Wednesday, January 29, 2014

Tips for Parents: How to tell your child's work is created by your child....and not the instructor

Disclaimer: My sincere apologies in advance to instructors, who are focused more on results for the parents, rather than the creative process with the kids. I tend to subscribe to the camp of creativity, rather than perfection. Sometimes our end results aren't understood by the powers at be at the end of each class. However, it is important for me personally to know that the child had worked on the project himself, and there's natural development in his/her skills, rather than a forced vision of the world by the instructor.

So onto to the task at hand. I've been asked multiple times to assess how much involvement a child might have had with a particular finished product. Though surely some little artists are more talented than others at a certain age, here're age related benchmarks for physical development. These developments  had been witnessed in classes, but are initially based on the research by the famous Child Psychologist, Viktor Lowenfeld:







Age 3-4: Most children are still scribbling and some might begin to develop basic shapes, mostly circles. They have no concept of space or planes within a picture, or a developed human figure representation.
Ages 4-5: Shapes of objects are geometric, they float in space and sizes/proportions are subjective and distorted. Human form is being developed, starting from head/feet symbol, followed by inclusion of arms, lots of details will still be missing.


Ages 6-8: A form concept is developed but doesn't change much, base line establishment but no understanding of overlapping (tree in front of house), human figure consists of geometric shapes, no proportions.

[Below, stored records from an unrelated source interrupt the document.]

lemma card_free_extensions_twin:
  assumes G: "simple_graph V E" and S: "indep_set E S" and v: "v \<in> S" and i: "i < card S"
    and cA: "\<And>e. e \<in> induced_edges E (V - S) \<Longrightarrow> cA' (Inl ` e) = cA e"
  shows "card (free_extensions r k f (insert (Inr i) (Inl ` (V - S))) ((`) Inl ` induced_edges E (V - S))
             (incident_edges (twin_edges V E S v) (Inr i)) cA')
       = card (free_extensions r k f (insert v (V - S)) (induced_edges E (V - S))
             (incident_edges E v) cA)"
proof -
  let ?A = "V - S" and ?EA = "induced_edges E (V - S)"
  define h where "h x = (if x = v then Inr i else Inl x)" for x :: 'a
  have "inj h" unfolding h_def by (rule injI) (auto split: if_splits)
  have h_A: "h ` e = Inl ` e" if "e \<subseteq> ?A" for e
    using that v unfolding h_def by (intro image_cong) auto
  have "(`) h ` ?EA = (`) Inl ` ?EA"
    unfolding induced_edges_def by (rule image_cong[OF refl]) (simp add: h_A)
  moreover have "(`) h ` incident_edges E v = incident_edges (twin_edges V E S v) (Inr i)"
    using incident_edges_twin[OF G S v i] unfolding h_def by simp
  moreover have "h ` insert v ?A = insert (Inr i) (Inl ` ?A)"
    using h_A[of ?A] by (simp add: h_def[of v])
  moreover have "?EA \<inter> incident_edges E v = {}"
    using v unfolding induced_edges_def incident_edges_def by blast
  moreover have "cA' (h ` e) = cA e" if "e \<in> ?EA" for e
    using that h_A cA unfolding induced_edges_def by auto
  ultimately show ?thesis
    by (rule bij_betw_same_card[OF bij_betw_free_extensions_relabel[OF \<open>inj h\<close>], symmetric])
qed

lemma count_free_twin_graph:
  assumes G: "simple_graph V E" and S: "S \<subseteq> V" "indep_set E S" and v: "v \<in> S"
  shows "count_free r k f (twin_vertices V S) (twin_edges V E S v) =
    (\<Sum>cA \<in> free_colorings r k f (V - S) (induced_edges E (V - S)).
       card (free_extensions r k f (insert v (V - S)) (induced_edges E (V - S))
               (incident_edges E v) cA) ^ card S)"
proof -
  let ?A = "V - S" and ?EA = "induced_edges E (V - S)"
  let ?Et = "twin_edges V E S v" and ?EA' = "(`) (Inl :: 'a \<Rightarrow> 'a + nat) ` induced_edges E (V - S)"
  let ?ext' = "\<lambda>t cA'. free_extensions r k f (insert t (Inl ` ?A)) ?EA' (incident_edges ?Et t) cA'"
  define \<tau> where "\<tau> cA = restrict (\<lambda>e'. cA (Inl -` e')) ?EA'" for cA :: "'a set \<Rightarrow> nat"
  have "Inr ` {0..<card S} \<subseteq> twin_vertices V S" unfolding twin_vertices_def by blast
  from count_free_indep_decomp[OF simple_graph_twin[OF G S(2) v] this indep_set_twin]
  have "count_free r k f (twin_vertices V S) ?Et
      = (\<Sum>cA' \<in> free_colorings r k f (Inl ` ?A) ?EA'. \<Prod>t\<in>Inr ` {0..<card S}. card (?ext' t cA'))"
    unfolding twin_vertices_diff induced_edges_twin .
  also have "\<dots> = (\<Sum>cA \<in> free_colorings r k f ?A ?EA. \<Prod>t\<in>Inr ` {0..<card S}. card (?ext' t (\<tau> cA)))"
  proof (rule sum.reindex_bij_betw[symmetric])
    show "bij_betw \<tau> (free_colorings r k f ?A ?EA) (free_colorings r k f (Inl ` ?A) ?EA')"
      unfolding free_colorings_as_extensions[where c = undefined] \<tau>_def
      by (rule bij_betw_free_extensions_relabel) auto
  qed
  also have "\<dots> = (\<Sum>cA \<in> free_colorings r k f ?A ?EA. \<Prod>i\<in>{0..<card S}.
      card (free_extensions r k f (insert v ?A) ?EA (incident_edges E v) cA))"
  proof (intro sum.cong refl)
    fix cA
    have "\<tau> cA (Inl ` e) = cA e" if "e \<in> ?EA" for e
      using that unfolding \<tau>_def by (simp add: inj_vimage_image_eq)
    then show "(\<Prod>t\<in>Inr ` {0..<card S}. card (?ext' t (\<tau> cA))) = (\<Prod>i\<in>{0..<card S}.
        card (free_extensions r k f (insert v ?A) ?EA (incident_edges E v) cA))"
      by (simp add: prod.reindex card_free_extensions_twin[OF G S(2) v])
  qed
  finally show ?thesis by simp
qed

lemma card_mult_prod_le_sum_power:
  fixes x :: "'b \<Rightarrow> nat"
  assumes "finite S" "S \<noteq> {}"
  shows "card S * (\<Prod>u\<in>S. x u) \<le> (\<Sum>u\<in>S. x u ^ card S)"
proof -
  let ?n = "card S" and ?P = "\<Prod>u\<in>S. real (x u)"
  have n: "?n > 0" using assms by (simp add: card_gt_0_iff)
  have "(?P ^ ?n) powr (1 / ?n) = ?P"
    using n by (simp add: prod_nonneg powr_realpow' root_powr_inverse[symmetric] real_root_pos2)
  moreover have "(\<Sum>u\<in>S. real (x u ^ ?n) / ?n) \<ge> (\<Prod>u\<in>S. real (x u ^ ?n)) powr (1 / ?n)"
    by (rule arith_geom_mean[OF assms]) simp
  ultimately have "(\<Sum>u\<in>S. real (x u ^ ?n)) / ?n \<ge> ?P"
    by (simp add: prod_power_distrib sum_divide_distrib)
  then have "real (?n * (\<Prod>u\<in>S. x u)) \<le> real (\<Sum>u\<in>S. x u ^ ?n)"
    using n by (simp add: field_simps)
  then show ?thesis by linarith
qed

lemma exists_ge_of_card_mult_le_sum:
  fixes g :: "'b \<Rightarrow> nat"
  assumes "finite S" "S \<noteq> {}" "card S * a \<le> (\<Sum>u\<in>S. g u)"
  shows "\<exists>u\<in>S. a \<le> g u"
proof (rule ccontr)
  assume "\<not> (\<exists>u\<in>S. a \<le> g u)"
  then have "(\<Sum>u\<in>S. g u) < (\<Sum>u\<in>S. a)"
    using assms(1,2) by (intro sum_strict_mono) auto
  then show False using assms(3) by simp
qed

theorem lemma2p7:
  fixes V :: "'a set" and E :: "'a set set" and S :: "'a set"
    and r k :: nat and f :: "nat set \<Rightarrow> nat"
  assumes "r \<ge> 2" and "k \<ge> 3"
    and "f \<in> colorings r (Kk_edges k)"
    and "simple_graph V E"
    and "S \<subseteq> V" and "S \<noteq> {}" and "indep_set E S"
  shows "\<exists>v\<in>S. count_free r k f (twin_vertices V S) (twin_edges V E S v)
                 \<ge> count_free r k f V E"
proof -
  let ?F = "free_colorings r k f (V - S) (induced_edges E (V - S))"
  let ?x = "\<lambda>u cA. card (free_extensions r k f (insert u (V - S)) (induced_edges E (V - S))
                       (incident_edges E u) cA)"
  have "finite S" using assms(4,5) finite_subset unfolding simple_graph_def by blast
  have "card S * count_free r k f V E = (\<Sum>cA\<in>?F. card S * (\<Prod>u\<in>S. ?x u cA))"
    by (simp add: count_free_indep_decomp[OF assms(4,5,7)] sum_distrib_left)
  also have "\<dots> \<le> (\<Sum>cA\<in>?F. \<Sum>u\<in>S. ?x u cA ^ card S)"
    by (intro sum_mono card_mult_prod_le_sum_power \<open>finite S\<close> assms(6))
  also have "\<dots> = (\<Sum>u\<in>S. count_free r k f (twin_vertices V S) (twin_edges V E S u))"
    by (subst sum.swap) (simp add: count_free_twin_graph[OF assms(4,5,7)])
  finally show ?thesis
    using exists_ge_of_card_mult_le_sum[OF \<open>finite S\<close> assms(6)] by blast
qed

end
(* For a map $F= \left( \begin{bmatrix} f \\ g \end{bmatrix}, \begin{bmatrix} \alpha & \beta \\ \beta^\dagger & \delta \end{bmatrix}, \begin{bmatrix} s \\ t \end{bmatrix} \right): A \to B \otimes C$ in $\mathfrak{G}\left[ (\mathbb{X}, \dagger) \right]_X$, conditionals of $F$ are in bijective correspondence with conditional generators of $\begin{bmatrix} \alpha & \beta \\ \beta^\dagger & \delta \end{bmatrix}$. Explicitly: (i) If $G = \left( \begin{bmatrix} m & k \end{bmatrix}, \eta, u \right)$ is a conditional of $F$ then $m$ is a conditional generator of $\begin{bmatrix} \alpha & \beta \\ \beta^\dagger & \delta \end{bmatrix}$; (ii) If $m$ is a conditional generator of $\begin{bmatrix} \alpha & \beta \\ \beta^\dagger & \delta \end{bmatrix}$, then $G_m = \left( \begin{bmatrix} m & g - m \circ f \end{bmatrix}, \delta - m \circ \beta, t - m\circ s \right)$ is a conditional of $F$; and these constructions are inverses of each other.
   Context: Let $(\mathbb{X}, \dagger)$ be a dagger additive category (a dagger category enriched in abelian groups with additive dagger and finite biproducts satisfying $\pi_j^\dagger = \iota_j$; maps between biproducts are written as matrices and the dagger acts as conjugate transpose) and fix an object $X$. A map $p$ is $\dagger$-positive if $p = \phi^\dagger \circ \phi$ for some $\phi$. The Gauss construction $\mathfrak{G}\left[ (\mathbb{X}, \dagger) \right]_X$ is the Markov category with the objects of $\mathbb{X}$, maps $A \to B$ the triples $(f,p,x)$ with $f: A \to B$, $p: B \to B$ $\dagger$-positive, $x: X \to B$; identities $\mathsf{Id}_A = (\mathsf{id}_A,0,0)$; composition $(g,q,y) \circ (f,p,x) = (g \circ f, q + g \circ p \circ g^\dagger, y + g \circ x)$; $A \otimes B = A \oplus B$, $(f,p,x) \otimes (g,q,y) = \left(f \oplus g, p \oplus q, \begin{bmatrix} x \\ y \end{bmatrix}\right)$; copy $\mathsf{copy}_A = \left(\begin{bmatrix} \mathsf{id}_A \\ \mathsf{id}_A \end{bmatrix}, 0, 0\right)$, delete $\mathsf{del}_A = (0,0,0): A \to \mathsf{0}$. In $F$, $f: A \to B$, $g: A \to C$, $\alpha: B \to B$, $\beta: C \to B$, $\delta: C \to C$, $s: X \to B$, $t: X \to C$; in $G: B \otimes A \to C$, $m: B \to C$, $k: A \to C$, $\eta: C \to C$, $u: X \to C$. A conditional generator for a $\dagger$-positive map $\begin{bmatrix} \alpha & \beta \\ \beta^\dagger & \delta \end{bmatrix}: B \oplus C \to B \oplus C$ is a map $m: B \to C$ such that (i) $m \circ \alpha = \beta^\dagger$ and (ii) $\delta - m \circ \beta$ is $\dagger$-positive. A map $G: B \otimes A \to C$ is a conditional of $F: A \to B \otimes C$ if $(\mathsf{Id}_B \otimes G) \circ (\mathsf{copy}_B \otimes \mathsf{Id}_A) \circ (\mathsf{Id}_B \otimes \mathsf{del}_C \otimes \mathsf{Id}_A) \circ (F \otimes \mathsf{Id}_A) \circ \mathsf{copy}_A = F$. *)

theory Defs
  imports Main
begin

record ('o,'m) dagcat =
  dDom  :: "'m \<Rightarrow> 'o"
  dCod  :: "'m \<Rightarrow> 'o"
  dCmp  :: "'m \<Rightarrow> 'm \<Rightarrow> 'm"      (* dCmp g f = g \<circ> f *)
  dId   :: "'o \<Rightarrow> 'm"
  dDag  :: "'m \<Rightarrow> 'm"
  dAdd  :: "'m \<Rightarrow> 'm \<Rightarrow> 'm"
  dNeg  :: "'m \<Rightarrow> 'm"
  dZero :: "'o \<Rightarrow> 'o \<Rightarrow> 'm"       (* dZero A B : A \<rightarrow> B *)
  dBip  :: "'o \<Rightarrow> 'o \<Rightarrow> 'o"
  dIn1  :: "'o \<Rightarrow> 'o \<Rightarrow> 'm"
  dIn2  :: "'o \<Rightarrow> 'o \<Rightarrow> 'm"
  dPr1  :: "'o \<Rightarrow> 'o \<Rightarrow> 'm"
  dPr2  :: "'o \<Rightarrow> 'o \<Rightarrow> 'm"
  dZob  :: "'o"
(* Let $n \geqslant 1$ and let $c \in \mathfrak{S}_{n+1}$ be a Coxeter element. Set $\lambda = \boldsymbol{\lambda}(c)$. Then $\mathcal{RSK}_{\lambda,c} = \mathcal{RSK}_\lambda$.
   Context: Coxeter elements: $s_i=(i,i+1)$; $c\in\mathfrak{S}_{n+1}$ is Coxeter if it is a product of $s_1,\dots,s_n$ each exactly once. Every Coxeter element is a long cycle $c=(c_1,\dots,c_m,c_{m+1},\dots,c_{n+1})$ with $c_1=1<c_2<\dots<c_m=n+1>c_{m+1}>\dots>c_{n+1}>1$; put $\mathbf L_c=\{c_2,\dots,c_{m-1}\}$, $\mathbf R_c=\{c_{m+1},\dots,c_{n+1}\}$. With $\mathbf L=\mathbf L_c\cup\{1\}=\{\ell_1<\dots<\ell_p\}$, $\mathbf R=\mathbf R_c\cup\{n+1\}$, $\boldsymbol\lambda(c)$ is the integer partition with $\boldsymbol\lambda(c)_i=\#\{r\in\mathbf R:\ell_i<r\}$; its Ferrers diagram $\mathrm{Fer}(\lambda)=\{(i,j):j\le\lambda_i\}$ has row $i$ labelled $\ell_i$ and column $j$ labelled $r_{q-j+1}$ where $\mathbf R=\{r_1<\dots<r_q\}$; write $[\ell,r]$ for the box with row label $\ell$ and column label $r$ (it exists iff $\ell<r$). One has $\lambda_1+\ell(\lambda)-1=n$. Diagonals: $D_k(\lambda)=\{(i,j)\in\mathrm{Fer}(\lambda):\lambda_1+i-j=k\}$, $\delta_k=\max\{\min(i,j):(i,j)\in D_k(\lambda)\}$; the box $(i,j)\in D_k(\lambda)$ has coordinates $\langle k,\delta\rangle_\lambda$ with $\delta=\delta_k-\min(i,j)+1$. $\square_k(\lambda)$ is the order ideal of $(\mathrm{Fer}(\lambda),\text{componentwise order})$ generated by $D_k(\lambda)$. Greene–Kleitman invariant: for an acyclic directed graph $G$ and $g:G_0\to\mathbb{N}$, $M_t$ ($t\ge1$) is the maximum over $t$-tuples of (possibly one-vertex) directed paths of the sum of $g$ over the union of their vertex sets, $M_0=0$, and $\mathrm{GK}_G(g)=(M_t-M_{t-1})_{t\ge1}$. $\mathcal{RSK}_\lambda$ (Gansner): $G_\lambda$ is the directed graph on $\mathrm{Fer}(\lambda)$ with arrows $(i,j)\to(i,j+1)$ and $(i,j)\to(i+1,j)$; for a filling $f:\mathrm{Fer}(\lambda)\to\mathbb{N}$, $\mathcal{RSK}_\lambda(f)(\langle k,\delta\rangle_\lambda)$ is the $\delta$-th part of $\mathrm{GK}$ of $f$ restricted to the full subgraph of $G_\lambda$ on $\square_k(\lambda)$. $\mathcal{RSK}_{\lambda,c}$: $\mathrm{AR}(c)$ is the directed graph on transpositions $(i,j)$, $1\le i<j\le n+1$, with arrows $(i,j)\to(i,c(j))$ if $i<c(j)$ and $(i,j)\to(c(i),j)$ if $c(i)<j$; $\mathrm{AR}^{[k]}(c)$ is its full subgraph on $(\ell,r)$ with $\ell\le k<r$. For a filling $f$ of $\lambda$, $\mathrm{rep}_{\lambda,c}(f)(\ell,r)=f([\ell,r])$ if $\ell\in\mathbf L,r\in\mathbf R,\ell<r$ and $0$ otherwise; $\mathcal{RSK}_{\lambda,c}(f)(\langle k,\delta\rangle_\lambda)$ is the $\delta$-th part of $\mathrm{GK}_{\mathrm{AR}^{[k]}(c)}$ of the restriction of $\mathrm{rep}_{\lambda,c}(f)$. *)

theory Defs
  imports Main "HOL-Combinatorics.Transposition"
begin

Ages 9-11: Events are characterized rather than drawn realistically, no understanding of shadow, there's a beginning of relationships between objects, lots of details in the figure, but greater stiffness



Ages 12-14: Wrinkles and folds might be important, can zoom in or out, still only important elements drawn in detail, attempt at perspective, greater awareness of joints and body actions, sexual characteristics overemphasized

Ages: 15-17: Will begin to show light and shade, imaginative use of figure for satire, expressiveness and awareness of atmosphere.